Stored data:
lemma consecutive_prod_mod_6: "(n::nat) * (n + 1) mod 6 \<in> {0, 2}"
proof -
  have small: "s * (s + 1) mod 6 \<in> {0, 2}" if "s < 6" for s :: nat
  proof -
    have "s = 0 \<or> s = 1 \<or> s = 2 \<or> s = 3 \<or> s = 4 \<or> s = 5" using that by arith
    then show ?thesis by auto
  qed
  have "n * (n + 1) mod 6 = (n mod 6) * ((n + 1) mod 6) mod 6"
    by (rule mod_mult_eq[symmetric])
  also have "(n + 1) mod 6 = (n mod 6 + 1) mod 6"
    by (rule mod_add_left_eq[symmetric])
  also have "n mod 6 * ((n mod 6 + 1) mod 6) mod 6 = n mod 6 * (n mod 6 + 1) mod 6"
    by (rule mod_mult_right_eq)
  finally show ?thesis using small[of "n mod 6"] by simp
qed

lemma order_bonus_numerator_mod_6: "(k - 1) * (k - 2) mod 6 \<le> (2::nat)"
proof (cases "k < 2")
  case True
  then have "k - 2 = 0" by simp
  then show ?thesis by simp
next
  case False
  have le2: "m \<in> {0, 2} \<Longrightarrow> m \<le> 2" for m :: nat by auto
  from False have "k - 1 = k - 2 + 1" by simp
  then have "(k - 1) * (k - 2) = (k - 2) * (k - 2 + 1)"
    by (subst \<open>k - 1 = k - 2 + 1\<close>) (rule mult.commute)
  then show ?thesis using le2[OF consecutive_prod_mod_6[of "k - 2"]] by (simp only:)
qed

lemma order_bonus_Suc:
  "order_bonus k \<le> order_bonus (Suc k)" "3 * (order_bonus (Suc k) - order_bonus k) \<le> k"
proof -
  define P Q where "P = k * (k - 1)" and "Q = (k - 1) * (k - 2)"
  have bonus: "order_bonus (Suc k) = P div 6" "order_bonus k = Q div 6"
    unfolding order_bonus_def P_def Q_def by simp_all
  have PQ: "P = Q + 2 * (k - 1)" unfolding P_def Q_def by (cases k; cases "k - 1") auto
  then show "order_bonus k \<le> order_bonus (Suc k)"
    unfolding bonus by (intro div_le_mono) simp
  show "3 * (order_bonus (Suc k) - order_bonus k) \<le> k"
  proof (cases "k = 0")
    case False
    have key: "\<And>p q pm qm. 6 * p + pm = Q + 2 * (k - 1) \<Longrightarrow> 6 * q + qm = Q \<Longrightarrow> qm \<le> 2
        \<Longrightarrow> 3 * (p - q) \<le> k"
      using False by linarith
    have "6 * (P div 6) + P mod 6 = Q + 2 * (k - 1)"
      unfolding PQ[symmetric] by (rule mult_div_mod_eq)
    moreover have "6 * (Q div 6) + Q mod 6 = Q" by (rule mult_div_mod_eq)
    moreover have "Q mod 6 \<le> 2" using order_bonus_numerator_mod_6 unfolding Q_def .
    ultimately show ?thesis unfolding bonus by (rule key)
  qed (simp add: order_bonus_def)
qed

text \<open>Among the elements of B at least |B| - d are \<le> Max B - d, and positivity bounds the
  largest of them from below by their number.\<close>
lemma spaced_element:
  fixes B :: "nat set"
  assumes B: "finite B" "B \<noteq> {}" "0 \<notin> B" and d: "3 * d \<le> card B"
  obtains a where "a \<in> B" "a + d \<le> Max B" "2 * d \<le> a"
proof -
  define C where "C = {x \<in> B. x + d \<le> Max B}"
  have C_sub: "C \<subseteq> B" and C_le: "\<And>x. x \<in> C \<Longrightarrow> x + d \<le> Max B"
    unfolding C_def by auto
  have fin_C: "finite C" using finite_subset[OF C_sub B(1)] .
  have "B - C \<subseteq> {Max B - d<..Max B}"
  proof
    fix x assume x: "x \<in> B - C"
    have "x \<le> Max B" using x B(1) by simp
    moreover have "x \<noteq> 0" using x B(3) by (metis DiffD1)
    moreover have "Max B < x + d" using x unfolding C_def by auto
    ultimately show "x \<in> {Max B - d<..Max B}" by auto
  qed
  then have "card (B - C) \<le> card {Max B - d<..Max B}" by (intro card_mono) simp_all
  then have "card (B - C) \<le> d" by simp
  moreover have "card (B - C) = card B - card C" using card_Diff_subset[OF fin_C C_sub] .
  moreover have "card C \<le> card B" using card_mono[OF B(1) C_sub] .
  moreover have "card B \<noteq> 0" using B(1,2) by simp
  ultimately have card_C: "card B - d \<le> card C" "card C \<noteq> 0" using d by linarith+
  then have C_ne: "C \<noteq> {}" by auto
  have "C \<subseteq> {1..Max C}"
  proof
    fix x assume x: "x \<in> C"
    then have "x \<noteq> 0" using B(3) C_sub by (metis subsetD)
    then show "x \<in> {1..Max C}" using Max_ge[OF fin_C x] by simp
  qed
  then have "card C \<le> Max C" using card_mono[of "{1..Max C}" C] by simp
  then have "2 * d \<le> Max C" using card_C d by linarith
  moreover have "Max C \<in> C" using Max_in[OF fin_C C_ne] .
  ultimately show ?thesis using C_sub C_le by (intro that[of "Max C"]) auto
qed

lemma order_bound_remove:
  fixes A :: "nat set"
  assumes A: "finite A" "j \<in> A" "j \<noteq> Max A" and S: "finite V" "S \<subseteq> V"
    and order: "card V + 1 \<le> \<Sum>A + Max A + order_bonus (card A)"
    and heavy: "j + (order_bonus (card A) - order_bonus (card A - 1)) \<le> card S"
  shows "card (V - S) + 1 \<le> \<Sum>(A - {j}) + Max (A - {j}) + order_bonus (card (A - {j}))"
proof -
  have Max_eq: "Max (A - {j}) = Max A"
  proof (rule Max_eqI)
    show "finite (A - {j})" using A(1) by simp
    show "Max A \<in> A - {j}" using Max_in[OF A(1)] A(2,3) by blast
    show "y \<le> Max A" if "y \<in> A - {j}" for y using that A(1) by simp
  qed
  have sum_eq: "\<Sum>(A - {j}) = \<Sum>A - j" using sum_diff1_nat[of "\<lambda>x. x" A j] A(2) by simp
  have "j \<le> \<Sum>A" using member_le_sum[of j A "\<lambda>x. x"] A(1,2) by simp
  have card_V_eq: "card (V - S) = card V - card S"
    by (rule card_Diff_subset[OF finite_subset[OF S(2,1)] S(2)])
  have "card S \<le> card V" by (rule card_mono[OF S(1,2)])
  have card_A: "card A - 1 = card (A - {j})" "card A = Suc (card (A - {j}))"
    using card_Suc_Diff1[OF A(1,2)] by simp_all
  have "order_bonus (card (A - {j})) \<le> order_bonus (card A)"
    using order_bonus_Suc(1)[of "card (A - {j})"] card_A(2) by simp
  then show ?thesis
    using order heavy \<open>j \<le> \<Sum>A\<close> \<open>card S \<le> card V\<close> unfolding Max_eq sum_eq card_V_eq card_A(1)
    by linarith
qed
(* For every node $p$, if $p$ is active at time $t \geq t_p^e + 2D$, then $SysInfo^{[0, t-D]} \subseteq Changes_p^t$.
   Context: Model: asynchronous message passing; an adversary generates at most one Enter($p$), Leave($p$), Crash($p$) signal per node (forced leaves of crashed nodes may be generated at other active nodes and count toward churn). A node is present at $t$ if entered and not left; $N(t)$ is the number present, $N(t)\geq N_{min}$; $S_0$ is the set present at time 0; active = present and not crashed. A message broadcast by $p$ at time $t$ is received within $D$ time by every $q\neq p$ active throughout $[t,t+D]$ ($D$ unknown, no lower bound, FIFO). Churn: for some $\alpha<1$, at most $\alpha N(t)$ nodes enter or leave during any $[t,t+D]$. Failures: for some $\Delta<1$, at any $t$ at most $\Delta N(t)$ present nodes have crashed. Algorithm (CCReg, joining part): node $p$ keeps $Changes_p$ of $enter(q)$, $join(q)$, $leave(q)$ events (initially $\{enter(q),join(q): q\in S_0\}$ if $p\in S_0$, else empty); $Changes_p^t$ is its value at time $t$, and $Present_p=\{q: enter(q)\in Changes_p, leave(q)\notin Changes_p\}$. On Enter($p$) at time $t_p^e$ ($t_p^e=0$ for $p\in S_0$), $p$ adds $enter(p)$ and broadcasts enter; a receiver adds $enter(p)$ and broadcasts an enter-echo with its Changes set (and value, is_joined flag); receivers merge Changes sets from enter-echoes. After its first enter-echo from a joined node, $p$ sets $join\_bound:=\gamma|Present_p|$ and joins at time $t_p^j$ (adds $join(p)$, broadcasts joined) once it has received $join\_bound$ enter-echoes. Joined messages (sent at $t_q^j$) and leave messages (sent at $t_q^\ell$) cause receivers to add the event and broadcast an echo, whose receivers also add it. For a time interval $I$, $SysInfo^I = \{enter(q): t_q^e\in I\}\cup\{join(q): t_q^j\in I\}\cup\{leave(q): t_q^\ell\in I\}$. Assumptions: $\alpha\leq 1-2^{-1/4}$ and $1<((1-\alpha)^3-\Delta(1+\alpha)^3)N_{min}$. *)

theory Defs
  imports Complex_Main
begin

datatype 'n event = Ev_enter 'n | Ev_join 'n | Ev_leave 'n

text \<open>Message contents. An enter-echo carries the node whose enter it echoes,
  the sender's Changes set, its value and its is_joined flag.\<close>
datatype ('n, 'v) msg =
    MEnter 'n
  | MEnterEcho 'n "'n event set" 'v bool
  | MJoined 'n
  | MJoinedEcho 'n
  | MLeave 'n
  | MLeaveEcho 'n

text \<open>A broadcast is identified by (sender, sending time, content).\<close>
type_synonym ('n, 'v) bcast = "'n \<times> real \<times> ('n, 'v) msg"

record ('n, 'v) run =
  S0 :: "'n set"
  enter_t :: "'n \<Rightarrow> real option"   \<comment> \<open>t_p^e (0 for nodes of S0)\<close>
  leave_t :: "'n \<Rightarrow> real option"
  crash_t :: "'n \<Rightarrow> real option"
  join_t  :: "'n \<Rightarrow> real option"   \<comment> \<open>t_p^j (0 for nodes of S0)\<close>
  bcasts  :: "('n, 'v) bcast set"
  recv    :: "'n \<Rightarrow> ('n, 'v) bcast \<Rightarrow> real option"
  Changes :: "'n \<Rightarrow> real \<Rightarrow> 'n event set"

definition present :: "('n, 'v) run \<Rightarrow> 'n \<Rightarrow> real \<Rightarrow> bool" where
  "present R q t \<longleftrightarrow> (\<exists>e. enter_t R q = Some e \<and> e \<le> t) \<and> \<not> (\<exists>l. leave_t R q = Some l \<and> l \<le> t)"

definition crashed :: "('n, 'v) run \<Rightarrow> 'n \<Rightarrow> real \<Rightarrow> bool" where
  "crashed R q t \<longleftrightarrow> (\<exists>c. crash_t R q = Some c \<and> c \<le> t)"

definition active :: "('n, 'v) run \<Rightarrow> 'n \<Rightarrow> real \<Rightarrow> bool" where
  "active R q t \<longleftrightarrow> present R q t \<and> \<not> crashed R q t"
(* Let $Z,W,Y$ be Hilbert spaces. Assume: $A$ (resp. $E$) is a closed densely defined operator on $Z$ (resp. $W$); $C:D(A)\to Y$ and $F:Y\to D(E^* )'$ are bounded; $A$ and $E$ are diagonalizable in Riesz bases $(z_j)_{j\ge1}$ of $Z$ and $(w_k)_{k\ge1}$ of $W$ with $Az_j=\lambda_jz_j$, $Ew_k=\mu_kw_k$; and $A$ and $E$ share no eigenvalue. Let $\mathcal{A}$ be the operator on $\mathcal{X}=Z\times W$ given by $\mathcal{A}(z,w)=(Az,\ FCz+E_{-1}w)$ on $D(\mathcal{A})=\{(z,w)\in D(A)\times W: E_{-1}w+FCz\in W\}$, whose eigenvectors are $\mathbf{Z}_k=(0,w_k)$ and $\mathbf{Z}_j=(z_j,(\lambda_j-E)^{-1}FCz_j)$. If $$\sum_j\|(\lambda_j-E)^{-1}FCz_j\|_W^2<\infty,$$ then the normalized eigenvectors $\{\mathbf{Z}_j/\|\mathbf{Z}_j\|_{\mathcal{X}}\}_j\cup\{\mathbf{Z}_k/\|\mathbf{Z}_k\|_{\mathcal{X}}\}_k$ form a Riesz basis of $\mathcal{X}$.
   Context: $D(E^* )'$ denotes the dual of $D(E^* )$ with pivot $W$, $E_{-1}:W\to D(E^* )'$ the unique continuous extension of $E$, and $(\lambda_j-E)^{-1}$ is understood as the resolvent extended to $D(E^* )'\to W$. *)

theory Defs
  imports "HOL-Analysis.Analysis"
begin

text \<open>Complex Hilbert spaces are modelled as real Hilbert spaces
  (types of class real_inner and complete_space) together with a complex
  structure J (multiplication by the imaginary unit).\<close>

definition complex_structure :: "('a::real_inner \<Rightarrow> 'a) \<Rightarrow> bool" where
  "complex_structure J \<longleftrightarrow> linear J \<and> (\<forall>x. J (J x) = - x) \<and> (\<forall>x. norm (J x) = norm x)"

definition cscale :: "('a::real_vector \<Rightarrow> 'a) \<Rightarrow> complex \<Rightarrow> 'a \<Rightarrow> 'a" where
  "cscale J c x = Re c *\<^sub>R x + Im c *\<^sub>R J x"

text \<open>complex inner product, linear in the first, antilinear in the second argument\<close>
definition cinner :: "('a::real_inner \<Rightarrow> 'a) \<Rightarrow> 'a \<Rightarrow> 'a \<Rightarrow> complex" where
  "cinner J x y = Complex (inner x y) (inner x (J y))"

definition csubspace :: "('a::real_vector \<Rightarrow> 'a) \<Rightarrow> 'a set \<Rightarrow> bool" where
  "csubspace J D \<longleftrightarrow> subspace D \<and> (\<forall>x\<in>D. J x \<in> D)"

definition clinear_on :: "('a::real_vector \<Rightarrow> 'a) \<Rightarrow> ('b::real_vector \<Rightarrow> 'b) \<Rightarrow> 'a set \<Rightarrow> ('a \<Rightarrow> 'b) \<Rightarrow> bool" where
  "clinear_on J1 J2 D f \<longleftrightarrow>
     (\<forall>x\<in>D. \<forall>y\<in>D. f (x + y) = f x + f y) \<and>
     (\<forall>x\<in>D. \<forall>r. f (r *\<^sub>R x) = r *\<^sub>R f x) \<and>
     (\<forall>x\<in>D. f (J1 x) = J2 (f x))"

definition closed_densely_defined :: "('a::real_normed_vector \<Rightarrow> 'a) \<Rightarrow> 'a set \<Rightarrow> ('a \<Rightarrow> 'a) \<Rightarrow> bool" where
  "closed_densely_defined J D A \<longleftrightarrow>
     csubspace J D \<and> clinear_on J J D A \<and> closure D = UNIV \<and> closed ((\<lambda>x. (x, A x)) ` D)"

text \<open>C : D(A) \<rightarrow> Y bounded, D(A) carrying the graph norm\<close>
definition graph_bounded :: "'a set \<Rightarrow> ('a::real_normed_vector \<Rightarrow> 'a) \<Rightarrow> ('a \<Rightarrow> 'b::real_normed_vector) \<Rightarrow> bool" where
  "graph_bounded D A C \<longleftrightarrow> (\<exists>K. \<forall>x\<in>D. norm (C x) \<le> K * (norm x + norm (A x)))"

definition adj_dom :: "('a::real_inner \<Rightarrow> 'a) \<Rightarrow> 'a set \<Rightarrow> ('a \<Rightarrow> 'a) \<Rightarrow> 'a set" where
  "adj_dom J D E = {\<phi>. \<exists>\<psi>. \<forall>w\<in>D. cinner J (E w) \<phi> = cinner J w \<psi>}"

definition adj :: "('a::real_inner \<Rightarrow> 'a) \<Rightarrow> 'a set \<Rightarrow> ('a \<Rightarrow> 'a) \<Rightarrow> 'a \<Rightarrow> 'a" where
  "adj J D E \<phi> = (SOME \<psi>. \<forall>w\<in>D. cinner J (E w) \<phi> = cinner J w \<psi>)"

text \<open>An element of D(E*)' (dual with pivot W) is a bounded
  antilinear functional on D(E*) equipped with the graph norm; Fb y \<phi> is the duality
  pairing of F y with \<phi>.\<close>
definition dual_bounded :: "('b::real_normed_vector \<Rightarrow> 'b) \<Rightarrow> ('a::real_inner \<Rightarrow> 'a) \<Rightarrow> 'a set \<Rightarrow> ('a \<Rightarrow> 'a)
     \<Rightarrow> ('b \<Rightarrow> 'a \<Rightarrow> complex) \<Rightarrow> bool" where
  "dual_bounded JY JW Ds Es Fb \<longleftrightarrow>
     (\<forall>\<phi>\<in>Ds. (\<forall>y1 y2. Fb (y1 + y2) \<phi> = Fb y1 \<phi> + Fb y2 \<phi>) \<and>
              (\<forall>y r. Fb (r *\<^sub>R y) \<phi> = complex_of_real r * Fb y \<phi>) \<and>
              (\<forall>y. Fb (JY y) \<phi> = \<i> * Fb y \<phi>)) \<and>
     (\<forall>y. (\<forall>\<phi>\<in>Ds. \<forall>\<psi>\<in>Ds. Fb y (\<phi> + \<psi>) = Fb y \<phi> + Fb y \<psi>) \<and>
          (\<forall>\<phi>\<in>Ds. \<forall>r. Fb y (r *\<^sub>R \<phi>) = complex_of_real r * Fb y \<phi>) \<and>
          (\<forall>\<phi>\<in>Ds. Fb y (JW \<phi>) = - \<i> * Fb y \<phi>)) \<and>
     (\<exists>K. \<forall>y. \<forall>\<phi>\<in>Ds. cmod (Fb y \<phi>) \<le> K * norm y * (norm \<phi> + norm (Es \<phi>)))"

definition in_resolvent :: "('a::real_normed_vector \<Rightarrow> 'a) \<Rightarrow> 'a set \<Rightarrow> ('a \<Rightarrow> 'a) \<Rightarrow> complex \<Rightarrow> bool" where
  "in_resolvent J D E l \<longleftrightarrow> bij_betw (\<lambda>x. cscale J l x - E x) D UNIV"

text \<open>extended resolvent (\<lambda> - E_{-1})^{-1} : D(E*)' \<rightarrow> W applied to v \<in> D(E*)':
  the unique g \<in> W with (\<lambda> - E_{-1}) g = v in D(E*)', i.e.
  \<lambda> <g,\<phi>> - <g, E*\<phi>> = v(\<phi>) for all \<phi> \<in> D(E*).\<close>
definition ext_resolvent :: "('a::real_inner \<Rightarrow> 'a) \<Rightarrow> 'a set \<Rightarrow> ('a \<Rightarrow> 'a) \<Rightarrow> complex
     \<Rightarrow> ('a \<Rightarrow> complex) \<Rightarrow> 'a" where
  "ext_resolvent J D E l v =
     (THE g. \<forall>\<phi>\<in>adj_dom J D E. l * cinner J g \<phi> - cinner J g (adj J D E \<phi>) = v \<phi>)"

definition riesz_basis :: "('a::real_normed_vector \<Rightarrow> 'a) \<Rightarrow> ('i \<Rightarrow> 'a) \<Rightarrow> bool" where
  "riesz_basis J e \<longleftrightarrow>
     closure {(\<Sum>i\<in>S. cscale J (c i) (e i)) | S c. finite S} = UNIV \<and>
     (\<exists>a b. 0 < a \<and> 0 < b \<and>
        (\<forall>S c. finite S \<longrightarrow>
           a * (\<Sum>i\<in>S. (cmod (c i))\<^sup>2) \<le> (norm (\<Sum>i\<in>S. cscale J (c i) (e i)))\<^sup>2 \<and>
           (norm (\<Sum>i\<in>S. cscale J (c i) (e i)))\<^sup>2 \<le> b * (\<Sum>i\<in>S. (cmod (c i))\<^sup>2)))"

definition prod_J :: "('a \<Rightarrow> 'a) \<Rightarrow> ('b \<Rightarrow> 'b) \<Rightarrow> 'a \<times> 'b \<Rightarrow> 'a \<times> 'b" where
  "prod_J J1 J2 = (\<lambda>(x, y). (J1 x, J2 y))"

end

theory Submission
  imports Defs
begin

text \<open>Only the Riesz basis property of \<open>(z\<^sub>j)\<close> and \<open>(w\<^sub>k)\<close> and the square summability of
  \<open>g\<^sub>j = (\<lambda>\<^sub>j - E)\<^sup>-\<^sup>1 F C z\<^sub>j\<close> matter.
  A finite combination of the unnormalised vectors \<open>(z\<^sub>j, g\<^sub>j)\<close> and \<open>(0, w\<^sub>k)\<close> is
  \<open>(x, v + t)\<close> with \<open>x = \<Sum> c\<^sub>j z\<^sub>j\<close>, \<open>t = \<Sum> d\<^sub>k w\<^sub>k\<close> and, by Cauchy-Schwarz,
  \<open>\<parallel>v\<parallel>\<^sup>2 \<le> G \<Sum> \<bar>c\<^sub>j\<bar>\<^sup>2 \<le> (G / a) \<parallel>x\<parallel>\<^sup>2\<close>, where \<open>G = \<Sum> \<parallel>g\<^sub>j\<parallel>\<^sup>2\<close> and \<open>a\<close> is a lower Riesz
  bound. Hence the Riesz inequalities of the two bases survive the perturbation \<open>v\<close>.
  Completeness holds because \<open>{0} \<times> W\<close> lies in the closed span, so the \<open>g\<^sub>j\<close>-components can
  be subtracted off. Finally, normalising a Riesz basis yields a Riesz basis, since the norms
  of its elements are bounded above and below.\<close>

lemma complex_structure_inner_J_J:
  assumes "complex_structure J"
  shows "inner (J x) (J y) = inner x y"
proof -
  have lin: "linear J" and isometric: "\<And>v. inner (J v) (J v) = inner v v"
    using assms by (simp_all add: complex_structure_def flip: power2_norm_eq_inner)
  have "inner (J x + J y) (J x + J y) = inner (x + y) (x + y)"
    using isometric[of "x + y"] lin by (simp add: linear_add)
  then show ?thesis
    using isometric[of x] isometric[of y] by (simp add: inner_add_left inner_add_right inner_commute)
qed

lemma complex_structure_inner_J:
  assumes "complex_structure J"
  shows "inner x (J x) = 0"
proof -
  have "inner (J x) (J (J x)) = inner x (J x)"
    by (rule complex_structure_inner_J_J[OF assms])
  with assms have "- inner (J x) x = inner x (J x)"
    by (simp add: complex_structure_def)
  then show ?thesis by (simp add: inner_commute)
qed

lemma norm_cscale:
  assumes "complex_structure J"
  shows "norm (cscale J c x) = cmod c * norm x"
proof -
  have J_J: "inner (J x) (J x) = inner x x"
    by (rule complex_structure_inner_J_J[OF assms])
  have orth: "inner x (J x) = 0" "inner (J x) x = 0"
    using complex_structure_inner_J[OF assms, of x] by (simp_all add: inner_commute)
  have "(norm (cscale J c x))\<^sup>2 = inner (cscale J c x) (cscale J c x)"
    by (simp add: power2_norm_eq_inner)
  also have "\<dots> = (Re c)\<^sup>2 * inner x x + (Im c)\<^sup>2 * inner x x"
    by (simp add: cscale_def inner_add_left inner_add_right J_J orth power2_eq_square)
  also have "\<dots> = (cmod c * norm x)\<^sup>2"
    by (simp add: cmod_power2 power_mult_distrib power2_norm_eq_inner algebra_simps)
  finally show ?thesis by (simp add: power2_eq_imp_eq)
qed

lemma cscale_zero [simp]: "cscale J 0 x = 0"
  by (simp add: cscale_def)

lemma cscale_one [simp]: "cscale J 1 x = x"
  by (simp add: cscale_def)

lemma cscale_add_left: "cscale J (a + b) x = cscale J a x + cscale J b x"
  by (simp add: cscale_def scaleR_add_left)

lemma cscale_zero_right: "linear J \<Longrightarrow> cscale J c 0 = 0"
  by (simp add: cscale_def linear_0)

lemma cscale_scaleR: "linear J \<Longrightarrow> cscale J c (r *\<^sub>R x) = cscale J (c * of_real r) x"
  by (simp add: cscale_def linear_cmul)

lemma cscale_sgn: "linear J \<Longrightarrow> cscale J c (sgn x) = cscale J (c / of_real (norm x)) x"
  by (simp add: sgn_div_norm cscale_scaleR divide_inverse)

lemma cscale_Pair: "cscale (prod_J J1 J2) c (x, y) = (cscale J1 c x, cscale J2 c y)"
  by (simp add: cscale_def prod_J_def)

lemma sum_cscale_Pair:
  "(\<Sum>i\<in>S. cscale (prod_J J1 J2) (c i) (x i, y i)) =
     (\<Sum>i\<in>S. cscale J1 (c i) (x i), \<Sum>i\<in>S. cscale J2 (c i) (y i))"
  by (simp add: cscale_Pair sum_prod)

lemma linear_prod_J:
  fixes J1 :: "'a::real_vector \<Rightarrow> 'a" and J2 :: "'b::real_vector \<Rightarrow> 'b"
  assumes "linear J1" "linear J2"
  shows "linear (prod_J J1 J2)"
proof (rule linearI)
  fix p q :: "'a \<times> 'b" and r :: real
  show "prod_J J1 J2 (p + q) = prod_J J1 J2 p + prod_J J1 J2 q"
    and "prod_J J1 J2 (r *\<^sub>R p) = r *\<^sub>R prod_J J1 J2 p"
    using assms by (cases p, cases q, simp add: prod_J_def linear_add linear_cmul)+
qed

■ **Work item**:
A word-for-word copy of the entries, from the first line through the line containing "by (rule mod_add_left_eq[symmetric])", is the whole answer.

■ **Output of the task**:
lemma consecutive_prod_mod_6: "(n::nat) * (n + 1) mod 6 \<in> {0, 2}"
proof -
  have small: "s * (s + 1) mod 6 \<in> {0, 2}" if "s < 6" for s :: nat
  proof -
    have "s = 0 \<or> s = 1 \<or> s = 2 \<or> s = 3 \<or> s = 4 \<or> s = 5" using that by arith
    then show ?thesis by auto
  qed
  have "n * (n + 1) mod 6 = (n mod 6) * ((n + 1) mod 6) mod 6"
    by (rule mod_mult_eq[symmetric])
  also have "(n + 1) mod 6 = (n mod 6 + 1) mod 6"
    by (rule mod_add_left_eq[symmetric])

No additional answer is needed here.